Protein language models for predicting drug–target interactions: Novel approaches, emerging methods, and future directions
Atabey Ünlü, Erva Ulusoy, Melih Gökay Yiğit, Melih Darcan, Tunca Doğan
Abstract
Identifying new drug candidates remains a critical and complex challenge in drug development. Recent advances in deep learning have demonstrated significant potential to accelerate this process, particularly through the use of protein language models (pLMs). These models aim to effectively capture the structural and functional properties of proteins by embedding them in high-dimensional spaces, thereby providing powerful tools for predictive tasks. This review examines the application of pLMs in drug-target interaction (DTI) prediction, addressing both small-molecule and protein-based therapeutics. We explore diverse methodologies, including end-to-end learning models and those that leverage pre-trained foundational pLMs. Furthermore, we highlight the role of heterogeneous data integration—ranging from protein structures to knowledge graphs—to improve the accuracy of DTI predictions. Despite notable progress, challenges persist in accurately identifying DTIs, mainly due to data-related limitations and algorithmic constraints.
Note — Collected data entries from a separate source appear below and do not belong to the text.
lemma mul_first_mult_left:
  "a \<in> carrier A \<Longrightarrow> S \<in> carrier Sha \<Longrightarrow> T \<in> carrier Sha \<Longrightarrow> mul_first a S \<star> T = mul_first a (S \<star> T)"
  by (auto elim!: carrier_ShaE simp: mul_first_cls Sha_mult_cls fmult_mulfirst_left)

lemma mul_first_mult_right:
  "a \<in> carrier A \<Longrightarrow> S \<in> carrier Sha \<Longrightarrow> T \<in> carrier Sha \<Longrightarrow> S \<star> mul_first a T = mul_first a (S \<star> T)"
  by (simp add: Sha_mult_commute[of S] mul_first_mult_left)

lemma fmult_single_letter:
  assumes "is_fsum X" shows "fmult [(\<one>\<^bsub>K\<^esub>, [a])] X = fs_mulfirst A a X"
  using assms by (induction X rule: fsum_induct) (auto simp: dia_single_left)

lemma pure_single_mult: "a \<in> carrier A \<Longrightarrow> S \<in> carrier Sha \<Longrightarrow> pure [a] \<star> S = mul_first a S"
  by (auto elim!: carrier_ShaE simp: pure_def mul_first_cls Sha_mult_cls fmult_single_letter
      simp del: fmult_Cons)

lemma pure_Cons: "a \<in> carrier A \<Longrightarrow> word_ok A w \<Longrightarrow> pure (a # w) = mul_first a (Pe (pure w))"
  by (simp add: pure_def P_e_cls mul_first_cls word_ok_def)

lemma pure_one: "pure [\<one>\<^bsub>A\<^esub>] = \<one>\<^bsub>Sha\<^esub>"
  by (simp add: pure_def Sha_one)

lemma Sha_one_mult: "S \<in> carrier Sha \<Longrightarrow> \<one>\<^bsub>Sha\<^esub> \<star> S = S"
  using pure_single_mult[of "\<one>\<^bsub>A\<^esub>" S] by (simp add: pure_one mul_first_one)

lemma Sha_one_closed [simp]: "\<one>\<^bsub>Sha\<^esub> \<in> carrier Sha"
  by (simp add: Sha_one)

lemma Sha_mult_one: "S \<in> carrier Sha \<Longrightarrow> S \<star> \<one>\<^bsub>Sha\<^esub> = S"
  using Sha_one_mult Sha_mult_commute[of S] by simp

lemma Pe_pure: "w \<noteq> [] \<Longrightarrow> set w \<subseteq> carrier A \<Longrightarrow> Pe (pure w) = pure (\<one>\<^bsub>A\<^esub> # w)"
  by (simp add: pure_def P_e_cls word_ok_def)

lemma pure_eq_mul_first:
  assumes "a \<in> carrier A" "set w \<subseteq> carrier A"
  shows "pure (a # w) = mul_first a (if w = [] then \<one>\<^bsub>Sha\<^esub> else Pe (pure w))"
proof (cases "w = []")
  case True
  then show ?thesis
    using pure_single_mult[of a "\<one>\<^bsub>Sha\<^esub>"] Sha_mult_one[of "pure [a]"] assms by simp
qed (use assms pure_Cons in \<open>auto simp: word_ok_def\<close>)

lemma smult_pure: "c \<in> carrier K \<Longrightarrow> word_ok A w \<Longrightarrow> c \<cdot> pure w = cls [(c, w)]"
  by (simp add: pure_def Sha_smult_cls)

definition sha_linear :: "('k, 'b) module \<Rightarrow> (('k \<times> 'a list) list set \<Rightarrow> 'b) \<Rightarrow> bool" where
  "sha_linear M f \<longleftrightarrow> (\<forall>S\<in>carrier Sha. f S \<in> carrier M) \<and>
     (\<forall>S\<in>carrier Sha. \<forall>T\<in>carrier Sha. f (S \<boxplus> T) = f S \<oplus>\<^bsub>M\<^esub> f T) \<and>
     (\<forall>c\<in>carrier K. \<forall>S\<in>carrier Sha. f (c \<cdot> S) = c \<odot>\<^bsub>M\<^esub> f S)"

lemma sha_linear_eqI:
  assumes M: "module K M" and f: "sha_linear M f" and g: "sha_linear M g"
    and on_pure: "\<And>w. word_ok A w \<Longrightarrow> f (pure w) = g (pure w)"
    and S: "S \<in> carrier Sha"
  shows "f S = g S"
proof -
  interpret M: module K M by (rule M)
  have zero: "h \<zero>\<^bsub>Sha\<^esub> = \<zero>\<^bsub>M\<^esub>" if "sha_linear M h" for h
  proof -
    have "h \<zero>\<^bsub>Sha\<^esub> = h (\<zero>\<^bsub>K\<^esub> \<cdot> \<zero>\<^bsub>Sha\<^esub>)" by simp
    also have "\<dots> = \<zero>\<^bsub>K\<^esub> \<odot>\<^bsub>M\<^esub> h \<zero>\<^bsub>Sha\<^esub>"
      using that R.zero_closed S.zero_closed unfolding sha_linear_def by blast
    also have "\<dots> = \<zero>\<^bsub>M\<^esub>" using that by (auto simp: sha_linear_def)
    finally show ?thesis .
  qed
  obtain X where X: "is_fsum X" "S = cls X" using S by (rule carrier_ShaE)
  have "f (cls X) = g (cls X)" using X(1)
  proof (induction X)
    case Nil
    show ?case using zero[OF f] zero[OF g] by (simp add: Sha_zero[symmetric])
  next
    case (Cons x X)
    obtain c w where x: "x = (c,w)" by force
    with Cons.prems have cw: "c \<in> carrier K" "word_ok A w" "is_fsum X" by auto
    then have "cls (x # X) = c \<cdot> pure w \<boxplus> cls X" using x by (simp add: smult_pure Sha_add_cls)
    with Cons cw f g on_pure show ?case by (simp add: sha_linear_def)
  qed
  with X show ?thesis by simp
qed

lemma sha_linear_id: "sha_linear Sha (\<lambda>S. S)"
  by (simp add: sha_linear_def)

lemma sha_linear_add: "sha_linear Sha f \<Longrightarrow> sha_linear Sha g \<Longrightarrow> sha_linear Sha (\<lambda>S. f S \<boxplus> g S)"
  unfolding sha_linear_def by (auto simp: S.a_ac S.smult_r_distr)

lemma sha_linear_smult: "c \<in> carrier K \<Longrightarrow> sha_linear Sha f \<Longrightarrow> sha_linear Sha (\<lambda>S. c \<cdot> f S)"
  unfolding sha_linear_def by (auto simp: S.smult_r_distr S.smult_assoc1[symmetric] R.m_comm)

lemma sha_linear_Pe: "sha_linear Sha f \<Longrightarrow> sha_linear Sha (\<lambda>S. Pe (f S))"
  unfolding sha_linear_def by (auto simp: Pe_add Pe_smult)

lemma sha_linear_mul_first: "a \<in> carrier A \<Longrightarrow> sha_linear Sha f \<Longrightarrow> sha_linear Sha (\<lambda>S. mul_first a (f S))"
  unfolding sha_linear_def by (auto simp: mul_first_add mul_first_smult)

lemma sha_linear_mult_left: "T \<in> carrier Sha \<Longrightarrow> sha_linear Sha f \<Longrightarrow> sha_linear Sha (\<lambda>S. f S \<star> T)"
  unfolding sha_linear_def by (auto simp: Sha_l_distr Sha_smult_mult_left)

lemma sha_linear_mult_right: "T \<in> carrier Sha \<Longrightarrow> sha_linear Sha f \<Longrightarrow> sha_linear Sha (\<lambda>S. T \<star> f S)"
  unfolding sha_linear_def by (auto simp: Sha_r_distr Sha_smult_mult_right)

lemmas sha_linear_intros = sha_linear_id sha_linear_add sha_linear_smult sha_linear_Pe
  sha_linear_mul_first sha_linear_mult_left sha_linear_mult_right

section \<open>The Rota-Baxter identity\<close>

lemma RB_pure:
  assumes v: "word_ok A v" and w: "word_ok A w"
  shows "Pe (pure v) \<star> Pe (pure w) =
    Pe (pure v \<star> Pe (pure w)) \<boxplus> Pe (Pe (pure v) \<star> pure w) \<boxplus> l \<cdot> Pe (pure v \<star> pure w)
    \<boxplus> k \<cdot> (pure v \<star> pure w)"
proof -
  have fsums: "is_fsum (v \<diamond> (\<one>\<^bsub>A\<^esub> # w))" "is_fsum ((\<one>\<^bsub>A\<^esub> # v) \<diamond> w)" "is_fsum (v \<diamond> w)"
    using v w by (auto intro!: is_fsum_dia simp: word_ok_def)
  have "(\<one>\<^bsub>A\<^esub> # v) \<diamond> (\<one>\<^bsub>A\<^esub> # w) = dia_step \<one>\<^bsub>A\<^esub> (v \<diamond> (\<one>\<^bsub>A\<^esub> # w)) ((\<one>\<^bsub>A\<^esub> # v) \<diamond> w) (v \<diamond> w)"
    using v w dia_Cons_Cons[of v w "\<one>\<^bsub>A\<^esub>" "\<one>\<^bsub>A\<^esub>"] by (simp add: word_ok_def)
  with v w fsums show ?thesis
    by (simp add: pure_def P_e_cls Sha_mult_cls Sha_add_cls Sha_smult_cls dia_step_def fs_mulfirst_one
        fs_pre_fs_smult fs_smult_one is_fsum_dia word_ok_def l_closed k_closed)
qed

lemma Sha_RB:
  assumes S: "S \<in> carrier Sha" and T: "T \<in> carrier Sha"
  shows "Pe S \<star> Pe T = Pe (S \<star> Pe T) \<boxplus> Pe (Pe S \<star> T) \<boxplus> l \<cdot> Pe (S \<star> T) \<boxplus> k \<cdot> (S \<star> T)"
proof -
  have on_pure: "Pe S' \<star> Pe (pure w) =
      Pe (S' \<star> Pe (pure w)) \<boxplus> Pe (Pe S' \<star> pure w) \<boxplus> l \<cdot> Pe (S' \<star> pure w) \<boxplus> k \<cdot> (S' \<star> pure w)"
    if "S' \<in> carrier Sha" "word_ok A w" for S' w
    by (rule sha_linear_eqI[OF Sha_module, where f = "\<lambda>S. Pe S \<star> Pe (pure w)"])
      (use that l_closed k_closed in \<open>(intro sha_linear_intros; simp)+, simp add: RB_pure, simp\<close>)
  show ?thesis
    by (rule sha_linear_eqI[OF Sha_module, where f = "\<lambda>T. Pe S \<star> Pe T"])
      (use S T l_closed k_closed in \<open>(intro sha_linear_intros; simp)+, simp add: on_pure, simp\<close>)
qed

section \<open>Associativity\<close>

text \<open>The summand \<open>k \<cdot> P\<^sub>e((X \<star> Y) \<star> Z)\<close> on the left avoids a subtraction: it is the
  difference between \<open>P\<^sub>e \<alpha> \<star> Z\<close> and \<open>(P\<^sub>e X \<star> P\<^sub>e Y) \<star> Z\<close> after applying \<open>P\<^sub>e\<close>.\<close>

lemma Sha_RB_triple_left:
  assumes X: "X \<in> carrier Sha" and Y: "Y \<in> carrier Sha" and Z: "Z \<in> carrier Sha"
  defines "\<alpha> \<equiv> X \<star> Pe Y \<boxplus> Pe X \<star> Y \<boxplus> l \<cdot> (X \<star> Y)"
  shows "(Pe X \<star> Pe Y) \<star> Pe Z \<boxplus> k \<cdot> Pe ((X \<star> Y) \<star> Z) =
    Pe (\<alpha> \<star> Pe Z \<boxplus> (Pe X \<star> Pe Y) \<star> Z \<boxplus> l \<cdot> (\<alpha> \<star> Z)) \<boxplus> k \<cdot> (\<alpha> \<star> Z) \<boxplus> k \<cdot> ((X \<star> Y) \<star> Pe Z)"
proof -
  have \<alpha>: "\<alpha> \<in> carrier Sha" using X Y l_closed by (simp add: \<alpha>_def)
  have XY: "Pe X \<star> Pe Y = Pe \<alpha> \<boxplus> k \<cdot> (X \<star> Y)"
    using Sha_RB[OF X Y] X Y l_closed by (simp add: \<alpha>_def Pe_add Pe_smult)
  have \<alpha>Z: "Pe \<alpha> \<star> Pe Z = Pe (\<alpha> \<star> Pe Z \<boxplus> Pe \<alpha> \<star> Z \<boxplus> l \<cdot> (\<alpha> \<star> Z)) \<boxplus> k \<cdot> (\<alpha> \<star> Z)"
    using Sha_RB[OF \<alpha> Z] \<alpha> Z l_closed by (simp add: Pe_add Pe_smult)
  have "Pe (\<alpha> \<star> Pe Z \<boxplus> (Pe X \<star> Pe Y) \<star> Z \<boxplus> l \<cdot> (\<alpha> \<star> Z)) =
      Pe (\<alpha> \<star> Pe Z \<boxplus> Pe \<alpha> \<star> Z \<boxplus> l \<cdot> (\<alpha> \<star> Z)) \<boxplus> k \<cdot> Pe ((X \<star> Y) \<star> Z)"
    using X Y Z \<alpha> l_closed k_closed
    by (simp add: XY Sha_l_distr Sha_smult_mult_left Pe_add Pe_smult S.a_ac)
  moreover have "(Pe X \<star> Pe Y) \<star> Pe Z = Pe \<alpha> \<star> Pe Z \<boxplus> k \<cdot> ((X \<star> Y) \<star> Pe Z)"
    using X Y Z \<alpha> k_closed by (simp add: XY Sha_l_distr Sha_smult_mult_left)
  ultimately show ?thesis
    using X Y Z \<alpha> l_closed k_closed by (simp add: \<alpha>Z S.a_ac)
qed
Future research directions include utilising multimodal learning approaches, incorporating temporal/dynamic interaction data into training, and employing novel deep learning architectures to refine protein representations, gain a deeper understanding of biological context regarding molecular interactions, and, thus, advance the DTI prediction field. • Protein language models (pLMs) have advanced ML-based drug-target interaction (DTI) prediction in several aspects. • Pre-trained pLM-based DTI prediction models outperform conventional end-to-end models in generalisation and robustness. • Transformers dominate pLM-based DTI prediction models, mainly leveraging self-attention for feature extraction. • New, specialised ML architectures are required in protein science to capture the complexity of molecular interactions entirely. • Multimodal learning can improve DTI prediction by integrating sequences, structures, text, and other relevant data types. • Future pLM-centric DTI studies should incorporate protein binding site-specific features and dynamic interaction data.